Jellyfin definitely takes more finagling than plex, i switched at the beginning of the year, but I’ve had multiple times since where my internet is out and because jellyfin is local network I’m still able to stream my media.
So yeah. Just some info about jellyfin. I get wanting the ease of plex, but I’ve personally really enjoyed adding the plugins and fucking around with everything it has.
I want to go and look at the plugins I wasn’t aware that some of that stuff was available. I was an avid plug-in user until Plex pulled that from me.
Just general glitchiness, odd UI design choices etc.

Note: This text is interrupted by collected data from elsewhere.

lemma insert_nth_inject:
  assumes "x \<notin> set xs" "x \<notin> set ys" "p \<le> length xs" "q \<le> length ys"
    and "insert_nth p x xs = insert_nth q x ys"
  shows "xs = ys \<and> p = q"
proof -
  have remove: "removeAll x (insert_nth p x zs) = zs" if "x \<notin> set zs" for zs p
  proof -
    have "x \<notin> set (take p zs)" "x \<notin> set (drop p zs)"
      using that in_set_takeD in_set_dropD by fastforce+
    then show ?thesis by (simp add: insert_nth_def)
  qed
  have prefix: "takeWhile (\<lambda>y. y \<noteq> x) (insert_nth p x zs) = take p zs" if "x \<notin> set zs" for zs p
  proof -
    have "x \<notin> set (take p zs)" using that in_set_takeD by fastforce
    then show ?thesis unfolding insert_nth_def by (subst takeWhile_append2) auto
  qed
  have "xs = removeAll x (insert_nth p x xs)" using remove[OF assms(1)] by simp
  also have "\<dots> = removeAll x (insert_nth q x ys)" using assms(5) by (rule arg_cong)
  also have "\<dots> = ys" using remove[OF assms(2)] by simp
  finally have "xs = ys" .
  have "take p xs = takeWhile (\<lambda>y. y \<noteq> x) (insert_nth p x xs)" using prefix[OF assms(1)] by simp
  also have "\<dots> = takeWhile (\<lambda>y. y \<noteq> x) (insert_nth q x ys)" using assms(5) by (rule arg_cong)
  also have "\<dots> = take q ys" using prefix[OF assms(2)] by simp
  finally have "length (take p xs) = length (take q ys)" by simp
  with \<open>xs = ys\<close> assms(3,4) show ?thesis by simp
qed

definition contains_1_23 :: "'a::linorder list \<Rightarrow> bool" where
  "contains_1_23 xs \<longleftrightarrow> (\<exists>a b. a < b \<and> Suc b < length xs \<and> xs ! a < xs ! b \<and> xs ! b < xs ! Suc b)"

definition lr_min :: "'a::linorder list \<Rightarrow> nat \<Rightarrow> bool" where
  "lr_min xs i \<longleftrightarrow> (\<forall>j<i. xs ! i \<le> xs ! j)"

text \<open>Positions other than \<open>p\<close> shift by at most one, preserving their order, and two
  adjacent positions not straddling \<open>p\<close> stay adjacent.\<close>
lemma contains_1_23_if_insert_nth:
  fixes xs :: "'a::linorder list" and p :: nat and x :: 'a
  defines "ys \<equiv> insert_nth p x xs"
  assumes "p \<le> length xs" "a < b" "Suc b < length ys" "p \<notin> {a, b, Suc b}"
    and "ys ! a < ys ! b" "ys ! b < ys ! Suc b"
  shows "contains_1_23 xs"
proof -
  define del where "del k = (if k < p then k else k - 1)" for k
  have nth: "ys ! k = xs ! del k" if "k \<noteq> p" for k
    using nth_insert_nth[OF assms(2)] that by (simp add: ys_def del_def)
  have "del a < del b" "del (Suc b) = Suc (del b)" "Suc (del b) < length xs"
    using assms(2-5) length_insert_nth[OF assms(2)] by (auto simp: del_def ys_def)
  moreover have "xs ! del a < xs ! del b" "xs ! del b < xs ! del (Suc b)"
    using assms(6,7) nth[of a] nth[of b] nth[of "Suc b"] assms(5) by simp_all
  ultimately show ?thesis
    unfolding contains_1_23_def by (intro exI[of _ "del a"] exI[of _ "del b"]) simp
qed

Def needs more polish
When I say Spouse Test I mean from the context of a spouse who just “doesn’t do computers”, if your spouse is technically inclined at all, say as a PC gamer or something and has dealt with sometimes-kinda-annoying software and has some patience, then they’ll probably be fine with it
This makes sense. I had to poke around the UI to figure it out. And, the client occasionally needs rebooted or the cache cleared. I can see how some users would have trouble.
I’d suggest that teaching those users is probably easier than setting up Plex today and then setting up Jellyfin as an emergency service when Plex inevitably begins ad injection or introduces a paywall for local streaming.
I dipped my toes in the self-hosted route and would recommend Stremio + Torrentio + RealDebrid as a much simpler alternative.
Here’s a guide I used - you can probably have it up and running in less than an hour.
Major points:
I have very limited self hosting experience, and between getting my first hello world service running, problems with my ISP, sorting through the different ways to get content, and not already having TBs if hard drives sitting around, I found it to be pretty challenging.
If you’re already experienced in self hosting (or want to learn) and don’t mind the storage costs, then I’d recommend the Plex/Jellyfin route, but if you just want an alternative to the existing streaming services then I’d suggest looking into Stremio.
Seconded. I’ve used this exact setup for years on an NVIDIA Shield Pro. I understand it isn’t “pure” from a piracy perspective, not the most ideal, in-the-weeds setup, but it sure does just work.